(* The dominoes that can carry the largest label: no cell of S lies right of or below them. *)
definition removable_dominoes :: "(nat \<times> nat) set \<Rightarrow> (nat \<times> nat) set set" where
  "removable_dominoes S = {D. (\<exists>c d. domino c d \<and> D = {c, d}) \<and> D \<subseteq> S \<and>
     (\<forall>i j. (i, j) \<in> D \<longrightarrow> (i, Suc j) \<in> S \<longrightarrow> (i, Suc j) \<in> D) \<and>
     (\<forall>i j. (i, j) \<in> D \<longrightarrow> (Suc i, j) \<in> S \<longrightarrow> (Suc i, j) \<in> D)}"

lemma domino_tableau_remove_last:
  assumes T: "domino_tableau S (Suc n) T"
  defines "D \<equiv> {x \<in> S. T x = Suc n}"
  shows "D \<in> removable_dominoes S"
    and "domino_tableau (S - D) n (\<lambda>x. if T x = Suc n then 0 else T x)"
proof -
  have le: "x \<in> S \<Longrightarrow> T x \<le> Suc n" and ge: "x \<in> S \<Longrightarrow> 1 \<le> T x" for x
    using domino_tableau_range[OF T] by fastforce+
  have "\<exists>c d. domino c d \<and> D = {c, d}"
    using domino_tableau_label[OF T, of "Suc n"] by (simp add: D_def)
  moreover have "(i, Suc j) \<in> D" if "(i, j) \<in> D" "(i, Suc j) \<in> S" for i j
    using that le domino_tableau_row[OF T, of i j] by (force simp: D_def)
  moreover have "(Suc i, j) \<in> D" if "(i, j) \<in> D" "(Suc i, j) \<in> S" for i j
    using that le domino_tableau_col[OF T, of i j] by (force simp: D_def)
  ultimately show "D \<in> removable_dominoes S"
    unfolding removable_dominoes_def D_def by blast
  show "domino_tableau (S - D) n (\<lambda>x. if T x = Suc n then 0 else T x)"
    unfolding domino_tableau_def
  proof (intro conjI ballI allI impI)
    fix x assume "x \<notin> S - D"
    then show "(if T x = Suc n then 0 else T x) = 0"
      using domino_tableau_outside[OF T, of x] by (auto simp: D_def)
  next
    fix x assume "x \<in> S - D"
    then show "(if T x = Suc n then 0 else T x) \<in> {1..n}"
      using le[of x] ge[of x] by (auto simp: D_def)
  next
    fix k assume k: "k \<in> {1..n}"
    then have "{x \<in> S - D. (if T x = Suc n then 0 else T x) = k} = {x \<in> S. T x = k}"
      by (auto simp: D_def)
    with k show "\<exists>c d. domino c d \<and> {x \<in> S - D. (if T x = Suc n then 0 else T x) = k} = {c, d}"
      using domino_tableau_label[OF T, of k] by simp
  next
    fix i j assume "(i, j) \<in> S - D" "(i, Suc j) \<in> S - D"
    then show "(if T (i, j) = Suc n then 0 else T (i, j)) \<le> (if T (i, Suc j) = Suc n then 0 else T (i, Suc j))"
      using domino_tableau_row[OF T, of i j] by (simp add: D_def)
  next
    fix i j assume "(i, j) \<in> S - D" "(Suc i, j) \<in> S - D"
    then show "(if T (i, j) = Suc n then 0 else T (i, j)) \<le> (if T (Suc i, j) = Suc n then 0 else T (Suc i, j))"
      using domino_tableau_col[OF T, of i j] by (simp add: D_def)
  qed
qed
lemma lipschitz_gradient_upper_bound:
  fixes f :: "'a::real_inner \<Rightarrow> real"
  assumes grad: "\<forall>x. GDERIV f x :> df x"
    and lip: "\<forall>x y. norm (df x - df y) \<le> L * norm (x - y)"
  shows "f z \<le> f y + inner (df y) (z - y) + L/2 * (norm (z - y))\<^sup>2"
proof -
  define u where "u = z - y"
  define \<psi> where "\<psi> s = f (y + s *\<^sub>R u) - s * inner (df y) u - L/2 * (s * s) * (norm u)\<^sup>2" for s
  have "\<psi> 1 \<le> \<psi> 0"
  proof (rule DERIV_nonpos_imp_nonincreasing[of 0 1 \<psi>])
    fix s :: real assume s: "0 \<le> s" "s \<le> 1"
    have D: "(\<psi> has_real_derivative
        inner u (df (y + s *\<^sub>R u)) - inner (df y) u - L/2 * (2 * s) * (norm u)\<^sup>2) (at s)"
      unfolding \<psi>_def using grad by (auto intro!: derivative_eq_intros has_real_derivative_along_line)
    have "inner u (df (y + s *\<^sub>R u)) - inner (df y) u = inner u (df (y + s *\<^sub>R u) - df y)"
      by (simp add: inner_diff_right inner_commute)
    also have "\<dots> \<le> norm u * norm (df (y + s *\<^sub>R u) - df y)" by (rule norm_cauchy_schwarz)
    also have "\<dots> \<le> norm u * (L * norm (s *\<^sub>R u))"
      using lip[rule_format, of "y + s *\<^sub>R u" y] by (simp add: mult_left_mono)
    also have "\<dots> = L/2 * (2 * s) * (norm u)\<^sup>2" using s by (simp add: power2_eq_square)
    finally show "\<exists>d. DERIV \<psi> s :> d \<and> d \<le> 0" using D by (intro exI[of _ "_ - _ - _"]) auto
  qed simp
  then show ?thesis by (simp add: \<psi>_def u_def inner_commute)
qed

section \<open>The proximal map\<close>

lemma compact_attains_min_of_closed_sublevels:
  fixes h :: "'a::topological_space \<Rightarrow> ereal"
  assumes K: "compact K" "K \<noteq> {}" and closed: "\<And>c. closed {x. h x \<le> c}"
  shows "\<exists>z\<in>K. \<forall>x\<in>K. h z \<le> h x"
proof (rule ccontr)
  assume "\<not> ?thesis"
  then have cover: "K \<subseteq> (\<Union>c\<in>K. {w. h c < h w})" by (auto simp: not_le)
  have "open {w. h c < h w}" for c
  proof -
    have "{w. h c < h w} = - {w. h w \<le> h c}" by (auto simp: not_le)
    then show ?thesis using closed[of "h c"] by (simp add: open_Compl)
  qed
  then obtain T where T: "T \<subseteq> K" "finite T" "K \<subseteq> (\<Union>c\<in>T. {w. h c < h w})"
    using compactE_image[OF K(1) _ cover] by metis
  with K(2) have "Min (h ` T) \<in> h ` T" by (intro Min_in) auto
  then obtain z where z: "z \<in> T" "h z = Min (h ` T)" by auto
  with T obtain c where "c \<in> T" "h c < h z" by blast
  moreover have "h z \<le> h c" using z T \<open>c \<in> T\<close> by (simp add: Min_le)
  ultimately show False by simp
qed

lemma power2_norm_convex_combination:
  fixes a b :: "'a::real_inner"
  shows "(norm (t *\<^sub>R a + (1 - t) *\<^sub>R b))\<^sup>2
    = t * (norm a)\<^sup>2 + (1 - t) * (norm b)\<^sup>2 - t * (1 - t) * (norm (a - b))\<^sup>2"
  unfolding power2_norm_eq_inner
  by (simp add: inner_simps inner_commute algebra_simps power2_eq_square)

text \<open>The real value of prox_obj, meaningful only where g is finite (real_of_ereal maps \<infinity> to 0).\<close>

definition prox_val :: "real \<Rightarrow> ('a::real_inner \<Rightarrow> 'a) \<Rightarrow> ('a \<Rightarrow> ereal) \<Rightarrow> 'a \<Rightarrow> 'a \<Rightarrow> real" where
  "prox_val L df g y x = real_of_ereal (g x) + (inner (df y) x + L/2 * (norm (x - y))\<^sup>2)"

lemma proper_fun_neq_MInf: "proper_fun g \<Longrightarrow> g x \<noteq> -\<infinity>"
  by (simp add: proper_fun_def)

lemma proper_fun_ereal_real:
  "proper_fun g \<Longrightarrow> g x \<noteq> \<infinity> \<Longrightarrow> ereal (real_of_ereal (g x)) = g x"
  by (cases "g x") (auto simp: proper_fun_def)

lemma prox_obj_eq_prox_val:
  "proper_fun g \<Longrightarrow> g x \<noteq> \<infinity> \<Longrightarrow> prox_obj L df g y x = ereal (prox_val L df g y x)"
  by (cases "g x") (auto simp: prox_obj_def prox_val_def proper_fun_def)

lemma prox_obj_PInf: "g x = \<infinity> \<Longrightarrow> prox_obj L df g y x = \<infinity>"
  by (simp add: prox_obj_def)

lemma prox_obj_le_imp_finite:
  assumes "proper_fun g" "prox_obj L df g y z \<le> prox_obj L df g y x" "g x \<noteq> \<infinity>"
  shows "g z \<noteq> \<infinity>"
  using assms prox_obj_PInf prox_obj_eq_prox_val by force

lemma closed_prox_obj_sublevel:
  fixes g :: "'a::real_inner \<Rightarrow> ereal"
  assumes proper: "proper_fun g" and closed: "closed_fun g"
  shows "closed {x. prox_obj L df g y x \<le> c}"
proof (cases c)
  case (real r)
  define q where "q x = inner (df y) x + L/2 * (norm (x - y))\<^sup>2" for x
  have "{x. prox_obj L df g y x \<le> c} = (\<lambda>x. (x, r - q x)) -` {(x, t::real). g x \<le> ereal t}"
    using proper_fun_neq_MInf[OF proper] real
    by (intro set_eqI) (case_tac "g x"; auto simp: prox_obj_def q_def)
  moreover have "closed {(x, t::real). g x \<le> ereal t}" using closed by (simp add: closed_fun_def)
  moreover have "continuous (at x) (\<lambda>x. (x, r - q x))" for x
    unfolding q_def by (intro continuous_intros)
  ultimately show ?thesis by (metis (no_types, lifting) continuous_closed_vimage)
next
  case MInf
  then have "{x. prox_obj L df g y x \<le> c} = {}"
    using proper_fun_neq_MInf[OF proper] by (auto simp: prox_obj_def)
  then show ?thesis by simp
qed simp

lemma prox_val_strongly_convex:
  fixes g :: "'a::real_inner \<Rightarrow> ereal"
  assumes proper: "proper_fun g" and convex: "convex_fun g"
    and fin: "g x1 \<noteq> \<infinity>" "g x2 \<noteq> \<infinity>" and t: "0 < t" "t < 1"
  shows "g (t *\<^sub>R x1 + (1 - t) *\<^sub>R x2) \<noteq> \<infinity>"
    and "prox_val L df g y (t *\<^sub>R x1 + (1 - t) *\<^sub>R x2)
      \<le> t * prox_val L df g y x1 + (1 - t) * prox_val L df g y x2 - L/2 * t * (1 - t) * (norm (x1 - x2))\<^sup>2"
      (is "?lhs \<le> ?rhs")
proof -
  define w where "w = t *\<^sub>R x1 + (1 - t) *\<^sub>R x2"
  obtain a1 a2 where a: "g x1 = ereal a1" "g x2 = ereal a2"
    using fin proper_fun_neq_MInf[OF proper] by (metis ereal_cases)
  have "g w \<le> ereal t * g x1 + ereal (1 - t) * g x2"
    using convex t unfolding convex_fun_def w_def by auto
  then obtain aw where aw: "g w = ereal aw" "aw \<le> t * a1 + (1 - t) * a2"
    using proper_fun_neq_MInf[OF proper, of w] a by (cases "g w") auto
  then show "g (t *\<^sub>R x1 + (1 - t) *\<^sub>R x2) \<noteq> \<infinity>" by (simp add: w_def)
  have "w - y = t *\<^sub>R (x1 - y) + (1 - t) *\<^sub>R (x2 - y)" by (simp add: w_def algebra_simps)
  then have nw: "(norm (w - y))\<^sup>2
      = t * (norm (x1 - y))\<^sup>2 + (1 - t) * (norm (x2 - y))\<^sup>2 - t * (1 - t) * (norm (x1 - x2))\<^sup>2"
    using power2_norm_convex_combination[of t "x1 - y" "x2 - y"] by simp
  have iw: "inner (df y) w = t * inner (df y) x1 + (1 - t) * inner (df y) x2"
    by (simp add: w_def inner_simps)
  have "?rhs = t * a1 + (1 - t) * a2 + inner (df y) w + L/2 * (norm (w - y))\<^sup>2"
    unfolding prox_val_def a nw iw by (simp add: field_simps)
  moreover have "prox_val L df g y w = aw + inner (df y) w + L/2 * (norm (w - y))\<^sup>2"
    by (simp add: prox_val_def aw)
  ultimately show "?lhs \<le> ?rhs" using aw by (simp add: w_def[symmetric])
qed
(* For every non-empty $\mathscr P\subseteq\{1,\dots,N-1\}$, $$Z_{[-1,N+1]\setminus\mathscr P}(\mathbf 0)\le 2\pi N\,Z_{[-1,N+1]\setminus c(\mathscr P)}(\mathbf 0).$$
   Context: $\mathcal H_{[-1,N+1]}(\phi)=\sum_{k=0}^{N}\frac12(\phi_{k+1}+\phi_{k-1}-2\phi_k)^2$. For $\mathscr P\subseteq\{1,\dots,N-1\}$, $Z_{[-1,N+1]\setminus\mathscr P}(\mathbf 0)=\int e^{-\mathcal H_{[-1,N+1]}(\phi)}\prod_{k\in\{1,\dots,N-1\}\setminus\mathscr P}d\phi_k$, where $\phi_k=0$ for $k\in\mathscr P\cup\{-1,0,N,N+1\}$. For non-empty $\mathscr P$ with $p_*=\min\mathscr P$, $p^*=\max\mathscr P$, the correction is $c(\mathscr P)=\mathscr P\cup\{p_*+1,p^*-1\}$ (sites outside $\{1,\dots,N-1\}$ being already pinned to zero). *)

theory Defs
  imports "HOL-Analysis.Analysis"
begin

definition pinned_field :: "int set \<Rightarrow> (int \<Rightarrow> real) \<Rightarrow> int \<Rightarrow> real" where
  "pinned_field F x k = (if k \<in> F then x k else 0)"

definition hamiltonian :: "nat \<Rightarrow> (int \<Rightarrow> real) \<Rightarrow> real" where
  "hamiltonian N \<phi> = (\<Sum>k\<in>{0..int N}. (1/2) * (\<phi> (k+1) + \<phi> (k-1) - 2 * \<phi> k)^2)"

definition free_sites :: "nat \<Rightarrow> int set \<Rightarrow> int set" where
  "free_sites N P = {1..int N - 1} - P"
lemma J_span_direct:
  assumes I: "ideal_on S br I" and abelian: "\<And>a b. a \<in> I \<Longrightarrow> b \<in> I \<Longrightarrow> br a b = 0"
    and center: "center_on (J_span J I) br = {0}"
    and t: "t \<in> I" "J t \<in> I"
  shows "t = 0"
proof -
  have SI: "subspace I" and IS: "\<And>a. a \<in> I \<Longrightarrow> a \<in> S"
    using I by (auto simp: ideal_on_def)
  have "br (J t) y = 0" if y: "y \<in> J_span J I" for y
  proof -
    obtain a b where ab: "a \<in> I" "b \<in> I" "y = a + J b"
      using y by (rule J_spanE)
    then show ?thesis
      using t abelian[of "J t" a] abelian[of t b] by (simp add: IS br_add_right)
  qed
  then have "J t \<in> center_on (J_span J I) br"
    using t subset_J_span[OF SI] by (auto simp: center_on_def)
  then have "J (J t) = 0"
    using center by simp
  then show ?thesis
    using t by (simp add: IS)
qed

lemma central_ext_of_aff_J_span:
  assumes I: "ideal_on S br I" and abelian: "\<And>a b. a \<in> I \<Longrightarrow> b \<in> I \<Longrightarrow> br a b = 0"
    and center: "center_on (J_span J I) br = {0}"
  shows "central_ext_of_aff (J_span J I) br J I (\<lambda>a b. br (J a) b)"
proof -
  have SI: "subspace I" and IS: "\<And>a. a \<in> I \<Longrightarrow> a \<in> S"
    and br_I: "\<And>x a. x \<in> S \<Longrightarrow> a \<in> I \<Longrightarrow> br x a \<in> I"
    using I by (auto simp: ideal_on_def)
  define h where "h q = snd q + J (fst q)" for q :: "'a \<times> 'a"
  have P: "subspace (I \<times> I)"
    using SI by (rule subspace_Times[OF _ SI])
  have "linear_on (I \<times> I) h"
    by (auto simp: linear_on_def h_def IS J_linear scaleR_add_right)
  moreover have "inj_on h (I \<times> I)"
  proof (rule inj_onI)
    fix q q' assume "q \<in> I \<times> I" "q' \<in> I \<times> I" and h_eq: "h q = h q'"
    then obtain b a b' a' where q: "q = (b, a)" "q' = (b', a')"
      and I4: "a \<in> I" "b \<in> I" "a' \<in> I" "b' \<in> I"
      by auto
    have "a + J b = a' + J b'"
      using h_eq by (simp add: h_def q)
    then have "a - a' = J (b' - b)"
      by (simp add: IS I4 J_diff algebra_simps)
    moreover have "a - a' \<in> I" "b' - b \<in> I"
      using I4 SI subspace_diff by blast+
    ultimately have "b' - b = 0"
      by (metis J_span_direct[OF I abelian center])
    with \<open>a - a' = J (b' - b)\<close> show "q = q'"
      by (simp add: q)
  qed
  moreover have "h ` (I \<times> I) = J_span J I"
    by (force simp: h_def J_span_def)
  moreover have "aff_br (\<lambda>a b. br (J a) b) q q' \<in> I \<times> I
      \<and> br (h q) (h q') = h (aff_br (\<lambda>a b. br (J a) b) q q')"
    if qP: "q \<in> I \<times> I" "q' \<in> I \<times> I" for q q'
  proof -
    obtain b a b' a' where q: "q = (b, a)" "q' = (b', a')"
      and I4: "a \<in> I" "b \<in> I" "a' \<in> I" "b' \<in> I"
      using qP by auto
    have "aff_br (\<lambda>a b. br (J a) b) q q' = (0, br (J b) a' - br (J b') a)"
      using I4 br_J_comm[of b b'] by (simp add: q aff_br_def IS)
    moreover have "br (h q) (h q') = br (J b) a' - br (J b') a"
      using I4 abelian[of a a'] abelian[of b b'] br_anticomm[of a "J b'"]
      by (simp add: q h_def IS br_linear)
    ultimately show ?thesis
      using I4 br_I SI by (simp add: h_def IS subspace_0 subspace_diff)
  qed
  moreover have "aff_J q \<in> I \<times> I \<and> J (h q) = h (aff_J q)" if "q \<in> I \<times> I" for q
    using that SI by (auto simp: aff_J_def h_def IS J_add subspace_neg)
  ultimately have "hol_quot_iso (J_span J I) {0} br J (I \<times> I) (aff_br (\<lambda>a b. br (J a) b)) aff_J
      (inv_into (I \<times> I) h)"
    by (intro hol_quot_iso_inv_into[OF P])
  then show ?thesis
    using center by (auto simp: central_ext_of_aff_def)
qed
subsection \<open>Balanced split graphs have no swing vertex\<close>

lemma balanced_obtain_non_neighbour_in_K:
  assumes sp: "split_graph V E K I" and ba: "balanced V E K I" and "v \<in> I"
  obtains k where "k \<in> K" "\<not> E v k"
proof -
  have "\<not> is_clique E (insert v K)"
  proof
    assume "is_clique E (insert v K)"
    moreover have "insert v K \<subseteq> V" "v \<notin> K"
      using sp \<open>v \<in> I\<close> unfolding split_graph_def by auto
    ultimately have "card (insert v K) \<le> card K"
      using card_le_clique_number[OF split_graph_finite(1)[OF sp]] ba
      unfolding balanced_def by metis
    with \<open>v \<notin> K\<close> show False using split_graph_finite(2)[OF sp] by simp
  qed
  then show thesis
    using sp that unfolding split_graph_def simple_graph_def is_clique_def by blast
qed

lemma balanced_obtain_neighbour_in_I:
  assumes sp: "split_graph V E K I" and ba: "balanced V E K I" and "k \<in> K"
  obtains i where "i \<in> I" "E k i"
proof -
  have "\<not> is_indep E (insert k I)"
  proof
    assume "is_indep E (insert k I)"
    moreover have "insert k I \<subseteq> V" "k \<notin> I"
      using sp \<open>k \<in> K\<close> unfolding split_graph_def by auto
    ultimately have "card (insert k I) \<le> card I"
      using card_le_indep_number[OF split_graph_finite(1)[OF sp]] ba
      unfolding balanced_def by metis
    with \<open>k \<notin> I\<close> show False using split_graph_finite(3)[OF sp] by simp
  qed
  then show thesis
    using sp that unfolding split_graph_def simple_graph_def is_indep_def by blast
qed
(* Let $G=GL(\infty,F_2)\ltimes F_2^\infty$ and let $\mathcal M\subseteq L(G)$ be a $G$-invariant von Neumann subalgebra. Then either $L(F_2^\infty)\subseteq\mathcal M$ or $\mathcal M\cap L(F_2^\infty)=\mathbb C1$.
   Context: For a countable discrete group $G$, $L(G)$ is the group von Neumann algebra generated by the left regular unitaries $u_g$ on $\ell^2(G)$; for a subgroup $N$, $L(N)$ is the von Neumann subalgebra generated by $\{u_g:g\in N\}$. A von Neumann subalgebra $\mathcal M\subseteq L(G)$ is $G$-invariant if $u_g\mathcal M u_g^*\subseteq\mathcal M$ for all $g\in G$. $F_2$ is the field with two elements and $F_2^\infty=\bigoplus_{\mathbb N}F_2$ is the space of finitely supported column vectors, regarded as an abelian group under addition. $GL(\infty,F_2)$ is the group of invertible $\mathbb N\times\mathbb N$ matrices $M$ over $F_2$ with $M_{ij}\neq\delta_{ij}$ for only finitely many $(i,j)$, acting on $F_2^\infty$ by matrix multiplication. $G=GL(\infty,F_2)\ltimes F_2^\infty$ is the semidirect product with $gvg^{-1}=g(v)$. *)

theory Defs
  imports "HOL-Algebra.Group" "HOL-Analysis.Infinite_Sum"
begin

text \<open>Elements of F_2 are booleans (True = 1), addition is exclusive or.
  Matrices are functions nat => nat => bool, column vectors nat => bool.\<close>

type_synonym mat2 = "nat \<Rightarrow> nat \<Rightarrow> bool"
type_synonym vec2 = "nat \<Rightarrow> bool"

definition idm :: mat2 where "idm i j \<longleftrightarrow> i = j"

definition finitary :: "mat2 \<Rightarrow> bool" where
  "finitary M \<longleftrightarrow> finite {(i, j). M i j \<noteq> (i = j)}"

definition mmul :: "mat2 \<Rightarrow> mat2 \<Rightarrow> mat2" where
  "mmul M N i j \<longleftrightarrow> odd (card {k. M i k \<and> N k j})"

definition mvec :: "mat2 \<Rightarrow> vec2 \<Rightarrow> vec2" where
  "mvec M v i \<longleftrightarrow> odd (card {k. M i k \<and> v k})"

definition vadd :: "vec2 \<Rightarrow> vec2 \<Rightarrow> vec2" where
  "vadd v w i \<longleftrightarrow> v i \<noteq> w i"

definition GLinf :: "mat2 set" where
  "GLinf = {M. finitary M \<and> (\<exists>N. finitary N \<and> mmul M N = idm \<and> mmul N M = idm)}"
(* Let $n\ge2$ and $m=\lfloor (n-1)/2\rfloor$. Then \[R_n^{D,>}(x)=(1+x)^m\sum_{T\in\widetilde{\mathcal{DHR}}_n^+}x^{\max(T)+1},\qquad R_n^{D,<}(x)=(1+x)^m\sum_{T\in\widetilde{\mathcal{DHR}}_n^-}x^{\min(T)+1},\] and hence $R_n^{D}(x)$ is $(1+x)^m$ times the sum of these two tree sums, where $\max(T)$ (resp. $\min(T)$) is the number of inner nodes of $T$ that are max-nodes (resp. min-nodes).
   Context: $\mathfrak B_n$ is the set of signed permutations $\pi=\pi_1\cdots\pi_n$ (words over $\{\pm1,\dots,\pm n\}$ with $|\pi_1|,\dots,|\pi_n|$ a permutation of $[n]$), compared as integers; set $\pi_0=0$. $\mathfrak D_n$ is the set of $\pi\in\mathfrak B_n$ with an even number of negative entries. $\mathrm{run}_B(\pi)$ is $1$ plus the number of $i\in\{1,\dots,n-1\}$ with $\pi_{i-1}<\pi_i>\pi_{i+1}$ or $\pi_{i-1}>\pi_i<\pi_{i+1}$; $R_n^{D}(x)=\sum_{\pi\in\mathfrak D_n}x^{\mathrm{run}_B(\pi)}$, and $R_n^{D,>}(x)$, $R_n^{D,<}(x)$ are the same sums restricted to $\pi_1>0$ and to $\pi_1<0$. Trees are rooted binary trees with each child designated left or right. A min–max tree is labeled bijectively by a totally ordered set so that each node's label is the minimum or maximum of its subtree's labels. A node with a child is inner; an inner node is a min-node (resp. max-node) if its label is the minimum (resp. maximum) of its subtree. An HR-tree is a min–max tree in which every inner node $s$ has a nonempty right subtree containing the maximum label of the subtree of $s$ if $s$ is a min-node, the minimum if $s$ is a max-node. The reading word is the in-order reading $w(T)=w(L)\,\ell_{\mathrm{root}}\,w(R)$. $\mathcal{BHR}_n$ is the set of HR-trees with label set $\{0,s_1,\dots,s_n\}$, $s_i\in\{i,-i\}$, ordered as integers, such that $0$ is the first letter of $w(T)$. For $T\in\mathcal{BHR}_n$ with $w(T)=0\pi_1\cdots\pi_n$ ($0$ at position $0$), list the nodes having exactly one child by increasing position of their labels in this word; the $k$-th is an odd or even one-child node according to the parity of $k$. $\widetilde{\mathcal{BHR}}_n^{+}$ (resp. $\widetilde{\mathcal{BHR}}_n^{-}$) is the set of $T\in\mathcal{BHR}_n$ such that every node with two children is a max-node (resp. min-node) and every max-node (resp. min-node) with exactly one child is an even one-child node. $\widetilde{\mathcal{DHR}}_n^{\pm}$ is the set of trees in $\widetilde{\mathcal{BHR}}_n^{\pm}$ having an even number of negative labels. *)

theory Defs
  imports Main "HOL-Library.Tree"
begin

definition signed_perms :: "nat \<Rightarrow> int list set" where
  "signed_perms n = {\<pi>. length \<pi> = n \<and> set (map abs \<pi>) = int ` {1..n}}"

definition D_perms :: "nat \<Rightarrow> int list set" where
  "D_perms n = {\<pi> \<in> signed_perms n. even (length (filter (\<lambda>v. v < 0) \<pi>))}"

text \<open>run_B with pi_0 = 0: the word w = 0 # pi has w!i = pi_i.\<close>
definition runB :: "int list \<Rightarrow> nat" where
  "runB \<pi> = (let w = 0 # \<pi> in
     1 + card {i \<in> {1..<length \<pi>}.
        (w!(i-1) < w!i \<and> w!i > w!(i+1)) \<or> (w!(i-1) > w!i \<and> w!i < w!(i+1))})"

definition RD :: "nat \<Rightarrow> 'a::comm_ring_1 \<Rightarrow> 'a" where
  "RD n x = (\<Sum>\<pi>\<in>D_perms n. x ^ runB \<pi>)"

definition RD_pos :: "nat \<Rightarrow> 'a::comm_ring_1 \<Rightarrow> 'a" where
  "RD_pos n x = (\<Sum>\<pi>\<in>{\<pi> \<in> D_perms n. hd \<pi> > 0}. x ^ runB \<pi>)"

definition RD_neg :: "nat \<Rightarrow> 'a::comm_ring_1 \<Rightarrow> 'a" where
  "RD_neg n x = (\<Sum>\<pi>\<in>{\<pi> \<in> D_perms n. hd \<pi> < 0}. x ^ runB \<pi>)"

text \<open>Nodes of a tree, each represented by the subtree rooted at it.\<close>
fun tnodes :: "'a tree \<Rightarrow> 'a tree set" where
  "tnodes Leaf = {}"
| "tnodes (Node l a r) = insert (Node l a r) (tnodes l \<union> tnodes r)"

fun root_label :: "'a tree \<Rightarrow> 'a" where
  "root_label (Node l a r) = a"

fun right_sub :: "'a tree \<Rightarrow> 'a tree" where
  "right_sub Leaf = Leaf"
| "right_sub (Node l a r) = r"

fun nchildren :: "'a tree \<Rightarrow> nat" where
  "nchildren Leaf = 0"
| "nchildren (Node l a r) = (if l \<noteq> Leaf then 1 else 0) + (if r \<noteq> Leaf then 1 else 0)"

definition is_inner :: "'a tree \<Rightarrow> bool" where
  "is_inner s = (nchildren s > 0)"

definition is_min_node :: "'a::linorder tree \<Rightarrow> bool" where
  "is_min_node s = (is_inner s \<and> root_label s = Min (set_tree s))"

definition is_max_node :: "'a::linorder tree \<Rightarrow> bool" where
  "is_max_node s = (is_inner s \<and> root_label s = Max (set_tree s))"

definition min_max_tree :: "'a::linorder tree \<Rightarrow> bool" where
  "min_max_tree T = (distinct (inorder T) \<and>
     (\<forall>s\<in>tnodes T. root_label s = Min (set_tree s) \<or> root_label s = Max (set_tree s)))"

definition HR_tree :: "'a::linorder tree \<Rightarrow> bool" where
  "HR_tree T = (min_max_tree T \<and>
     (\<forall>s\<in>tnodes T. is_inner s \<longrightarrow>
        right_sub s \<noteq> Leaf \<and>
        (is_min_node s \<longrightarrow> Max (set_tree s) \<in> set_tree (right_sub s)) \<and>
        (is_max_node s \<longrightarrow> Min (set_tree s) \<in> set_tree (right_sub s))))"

> WORK TO COMPLETE
Which lines above contain the word "mvec"? Show each of them.

> RESPONSE
definition mvec :: "mat2 \<Rightarrow> vec2 \<Rightarrow> vec2" where
  "mvec M v i \<longleftrightarrow> odd (card {k. M i k \<and> v k})"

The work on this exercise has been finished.